What you have to do:
Range to output from the entries below: the line containing "by (simp add: algebra_simps)" through the line containing "by (rule sum_atMost_odd_reflect[OF". Set it down exactly, ends included, nothing else.

────

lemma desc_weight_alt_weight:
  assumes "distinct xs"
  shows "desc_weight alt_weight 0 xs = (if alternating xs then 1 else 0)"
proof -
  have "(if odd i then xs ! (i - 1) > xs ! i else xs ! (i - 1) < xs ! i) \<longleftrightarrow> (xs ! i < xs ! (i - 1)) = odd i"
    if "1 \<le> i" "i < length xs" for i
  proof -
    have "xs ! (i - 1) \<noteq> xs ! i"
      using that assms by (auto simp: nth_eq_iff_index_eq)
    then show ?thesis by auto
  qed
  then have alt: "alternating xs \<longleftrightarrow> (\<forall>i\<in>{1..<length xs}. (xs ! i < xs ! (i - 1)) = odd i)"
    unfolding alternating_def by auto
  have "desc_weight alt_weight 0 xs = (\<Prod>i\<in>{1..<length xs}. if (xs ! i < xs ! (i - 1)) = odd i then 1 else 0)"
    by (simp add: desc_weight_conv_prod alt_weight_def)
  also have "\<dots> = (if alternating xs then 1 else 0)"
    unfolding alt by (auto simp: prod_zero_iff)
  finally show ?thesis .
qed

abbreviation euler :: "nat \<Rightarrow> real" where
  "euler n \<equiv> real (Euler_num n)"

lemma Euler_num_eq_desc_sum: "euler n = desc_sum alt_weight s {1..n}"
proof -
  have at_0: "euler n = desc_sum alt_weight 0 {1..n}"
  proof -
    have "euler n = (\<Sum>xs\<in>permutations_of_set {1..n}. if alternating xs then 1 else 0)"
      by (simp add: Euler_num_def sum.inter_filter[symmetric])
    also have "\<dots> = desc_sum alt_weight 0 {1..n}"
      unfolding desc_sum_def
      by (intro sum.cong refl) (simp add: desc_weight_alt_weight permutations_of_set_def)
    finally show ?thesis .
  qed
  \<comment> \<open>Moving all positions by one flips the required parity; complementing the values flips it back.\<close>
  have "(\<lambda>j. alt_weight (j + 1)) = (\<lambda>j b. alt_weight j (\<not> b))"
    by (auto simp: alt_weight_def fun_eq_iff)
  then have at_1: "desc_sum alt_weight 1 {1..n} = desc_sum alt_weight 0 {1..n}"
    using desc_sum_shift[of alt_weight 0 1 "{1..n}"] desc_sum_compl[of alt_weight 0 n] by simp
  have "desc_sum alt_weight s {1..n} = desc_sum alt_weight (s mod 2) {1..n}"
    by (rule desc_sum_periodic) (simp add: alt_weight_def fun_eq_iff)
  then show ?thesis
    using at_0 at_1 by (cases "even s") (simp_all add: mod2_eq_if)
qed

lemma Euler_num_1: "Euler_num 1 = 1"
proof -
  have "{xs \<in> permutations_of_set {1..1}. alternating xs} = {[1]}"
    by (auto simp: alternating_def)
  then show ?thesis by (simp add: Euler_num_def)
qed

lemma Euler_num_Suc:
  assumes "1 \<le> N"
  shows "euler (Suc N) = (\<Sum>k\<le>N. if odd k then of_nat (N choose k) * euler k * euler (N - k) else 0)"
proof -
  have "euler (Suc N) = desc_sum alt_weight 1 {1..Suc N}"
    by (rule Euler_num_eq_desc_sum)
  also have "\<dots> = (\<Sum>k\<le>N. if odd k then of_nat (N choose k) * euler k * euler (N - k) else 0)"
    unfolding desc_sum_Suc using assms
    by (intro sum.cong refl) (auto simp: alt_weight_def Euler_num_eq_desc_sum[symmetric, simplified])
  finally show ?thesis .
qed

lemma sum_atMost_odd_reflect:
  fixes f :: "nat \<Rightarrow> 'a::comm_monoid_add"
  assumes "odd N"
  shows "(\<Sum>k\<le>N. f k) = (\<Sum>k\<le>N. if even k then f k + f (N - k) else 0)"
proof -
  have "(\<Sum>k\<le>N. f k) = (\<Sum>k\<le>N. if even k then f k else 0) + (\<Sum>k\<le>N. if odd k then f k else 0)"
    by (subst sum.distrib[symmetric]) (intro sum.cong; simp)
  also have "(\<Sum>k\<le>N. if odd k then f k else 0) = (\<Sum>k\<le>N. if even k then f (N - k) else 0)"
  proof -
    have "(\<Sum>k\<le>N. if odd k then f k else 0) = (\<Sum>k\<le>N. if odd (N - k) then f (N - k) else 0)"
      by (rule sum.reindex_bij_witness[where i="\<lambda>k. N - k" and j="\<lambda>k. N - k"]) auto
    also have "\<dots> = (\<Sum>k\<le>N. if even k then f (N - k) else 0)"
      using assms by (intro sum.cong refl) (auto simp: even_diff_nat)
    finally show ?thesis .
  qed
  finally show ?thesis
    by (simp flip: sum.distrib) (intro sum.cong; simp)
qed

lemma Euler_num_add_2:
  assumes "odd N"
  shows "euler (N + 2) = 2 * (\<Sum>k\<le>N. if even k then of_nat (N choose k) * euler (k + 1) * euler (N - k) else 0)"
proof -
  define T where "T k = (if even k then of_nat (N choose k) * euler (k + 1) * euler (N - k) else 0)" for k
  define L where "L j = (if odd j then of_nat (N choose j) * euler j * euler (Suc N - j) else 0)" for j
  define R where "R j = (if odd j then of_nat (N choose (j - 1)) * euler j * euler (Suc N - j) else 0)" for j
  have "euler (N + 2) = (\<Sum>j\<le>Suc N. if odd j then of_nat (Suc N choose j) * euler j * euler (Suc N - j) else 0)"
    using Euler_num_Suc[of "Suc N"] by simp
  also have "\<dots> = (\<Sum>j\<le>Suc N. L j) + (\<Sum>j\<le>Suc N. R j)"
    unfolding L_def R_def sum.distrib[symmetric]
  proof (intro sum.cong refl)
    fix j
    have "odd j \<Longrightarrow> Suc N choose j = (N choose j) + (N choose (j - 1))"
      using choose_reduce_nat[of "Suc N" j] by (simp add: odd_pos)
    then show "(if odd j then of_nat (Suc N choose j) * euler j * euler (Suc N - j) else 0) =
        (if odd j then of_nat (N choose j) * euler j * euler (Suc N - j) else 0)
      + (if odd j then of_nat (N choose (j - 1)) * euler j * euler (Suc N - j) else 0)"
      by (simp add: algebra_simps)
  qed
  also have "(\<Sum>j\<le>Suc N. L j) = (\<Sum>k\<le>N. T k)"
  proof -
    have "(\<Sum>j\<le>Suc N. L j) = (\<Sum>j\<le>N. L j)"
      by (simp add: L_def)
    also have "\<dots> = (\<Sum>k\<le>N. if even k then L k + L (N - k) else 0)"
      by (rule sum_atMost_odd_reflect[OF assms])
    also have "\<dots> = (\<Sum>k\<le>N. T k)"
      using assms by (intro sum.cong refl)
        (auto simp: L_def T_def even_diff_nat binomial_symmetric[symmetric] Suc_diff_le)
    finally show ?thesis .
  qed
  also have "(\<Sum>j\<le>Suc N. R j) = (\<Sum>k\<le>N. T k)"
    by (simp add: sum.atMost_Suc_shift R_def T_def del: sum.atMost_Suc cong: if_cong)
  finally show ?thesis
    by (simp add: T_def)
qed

────

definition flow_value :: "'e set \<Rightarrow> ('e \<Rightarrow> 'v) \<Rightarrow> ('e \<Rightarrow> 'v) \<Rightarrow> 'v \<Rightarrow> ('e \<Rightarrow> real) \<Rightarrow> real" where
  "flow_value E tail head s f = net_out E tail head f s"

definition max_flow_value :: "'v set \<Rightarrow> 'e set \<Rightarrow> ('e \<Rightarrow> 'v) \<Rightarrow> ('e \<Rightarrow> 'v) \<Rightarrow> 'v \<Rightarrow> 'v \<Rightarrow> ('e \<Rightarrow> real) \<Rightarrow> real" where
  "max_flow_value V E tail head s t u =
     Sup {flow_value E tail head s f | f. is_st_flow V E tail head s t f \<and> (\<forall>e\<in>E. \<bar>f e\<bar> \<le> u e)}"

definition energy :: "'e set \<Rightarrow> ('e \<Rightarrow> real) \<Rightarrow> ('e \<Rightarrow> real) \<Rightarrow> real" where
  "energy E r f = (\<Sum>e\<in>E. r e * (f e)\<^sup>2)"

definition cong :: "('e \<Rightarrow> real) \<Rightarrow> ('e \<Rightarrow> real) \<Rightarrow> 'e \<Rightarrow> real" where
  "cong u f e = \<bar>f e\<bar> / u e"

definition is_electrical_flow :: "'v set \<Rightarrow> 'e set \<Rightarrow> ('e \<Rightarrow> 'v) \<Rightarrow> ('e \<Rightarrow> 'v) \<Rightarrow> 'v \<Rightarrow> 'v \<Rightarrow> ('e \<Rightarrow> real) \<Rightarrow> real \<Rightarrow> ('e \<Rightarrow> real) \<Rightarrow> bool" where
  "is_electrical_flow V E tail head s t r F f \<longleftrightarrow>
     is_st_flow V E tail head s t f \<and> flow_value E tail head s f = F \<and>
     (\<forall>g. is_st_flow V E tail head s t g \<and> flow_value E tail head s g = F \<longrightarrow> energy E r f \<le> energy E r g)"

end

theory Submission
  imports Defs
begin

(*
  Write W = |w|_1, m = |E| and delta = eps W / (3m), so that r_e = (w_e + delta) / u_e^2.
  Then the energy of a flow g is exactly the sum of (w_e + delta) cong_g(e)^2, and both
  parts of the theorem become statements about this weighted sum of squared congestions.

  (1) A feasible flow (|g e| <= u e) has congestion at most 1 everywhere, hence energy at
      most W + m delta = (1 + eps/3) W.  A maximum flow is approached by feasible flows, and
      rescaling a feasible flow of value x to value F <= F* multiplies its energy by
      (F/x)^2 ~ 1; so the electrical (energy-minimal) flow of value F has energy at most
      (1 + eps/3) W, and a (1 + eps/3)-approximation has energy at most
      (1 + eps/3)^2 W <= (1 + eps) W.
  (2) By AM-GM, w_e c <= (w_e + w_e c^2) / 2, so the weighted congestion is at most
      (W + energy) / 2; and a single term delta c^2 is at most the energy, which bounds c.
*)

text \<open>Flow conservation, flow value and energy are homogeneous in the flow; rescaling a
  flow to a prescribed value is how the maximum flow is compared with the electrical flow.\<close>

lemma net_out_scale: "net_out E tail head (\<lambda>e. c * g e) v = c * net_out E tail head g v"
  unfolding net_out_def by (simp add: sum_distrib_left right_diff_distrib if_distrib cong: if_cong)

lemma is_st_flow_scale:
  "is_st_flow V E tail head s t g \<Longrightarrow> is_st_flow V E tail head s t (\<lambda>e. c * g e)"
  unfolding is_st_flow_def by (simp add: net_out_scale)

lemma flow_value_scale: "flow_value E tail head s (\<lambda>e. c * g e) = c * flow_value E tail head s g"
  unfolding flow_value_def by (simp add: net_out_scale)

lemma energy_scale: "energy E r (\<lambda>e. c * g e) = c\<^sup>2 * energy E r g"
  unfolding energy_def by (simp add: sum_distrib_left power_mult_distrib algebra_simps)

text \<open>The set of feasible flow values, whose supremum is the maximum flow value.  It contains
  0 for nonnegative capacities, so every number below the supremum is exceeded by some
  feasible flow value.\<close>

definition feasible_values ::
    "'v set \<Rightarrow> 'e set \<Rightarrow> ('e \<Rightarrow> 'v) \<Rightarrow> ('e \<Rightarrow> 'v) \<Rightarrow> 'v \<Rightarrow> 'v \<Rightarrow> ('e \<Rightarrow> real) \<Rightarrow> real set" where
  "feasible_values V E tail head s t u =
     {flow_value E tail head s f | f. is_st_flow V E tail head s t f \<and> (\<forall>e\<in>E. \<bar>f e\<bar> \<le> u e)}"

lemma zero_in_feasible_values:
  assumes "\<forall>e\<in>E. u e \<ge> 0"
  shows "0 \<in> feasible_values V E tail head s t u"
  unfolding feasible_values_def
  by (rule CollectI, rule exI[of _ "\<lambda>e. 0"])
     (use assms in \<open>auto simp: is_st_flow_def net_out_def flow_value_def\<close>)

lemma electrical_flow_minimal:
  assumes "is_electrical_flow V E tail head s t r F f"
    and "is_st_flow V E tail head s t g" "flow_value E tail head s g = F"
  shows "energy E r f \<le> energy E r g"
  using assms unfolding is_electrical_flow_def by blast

────

Response:
      by (simp add: algebra_simps)
  qed
  also have "(\<Sum>j\<le>Suc N. L j) = (\<Sum>k\<le>N. T k)"
  proof -
    have "(\<Sum>j\<le>Suc N. L j) = (\<Sum>j\<le>N. L j)"
      by (simp add: L_def)
    also have "\<dots> = (\<Sum>k\<le>N. if even k then L k + L (N - k) else 0)"
      by (rule sum_atMost_odd_reflect[OF assms])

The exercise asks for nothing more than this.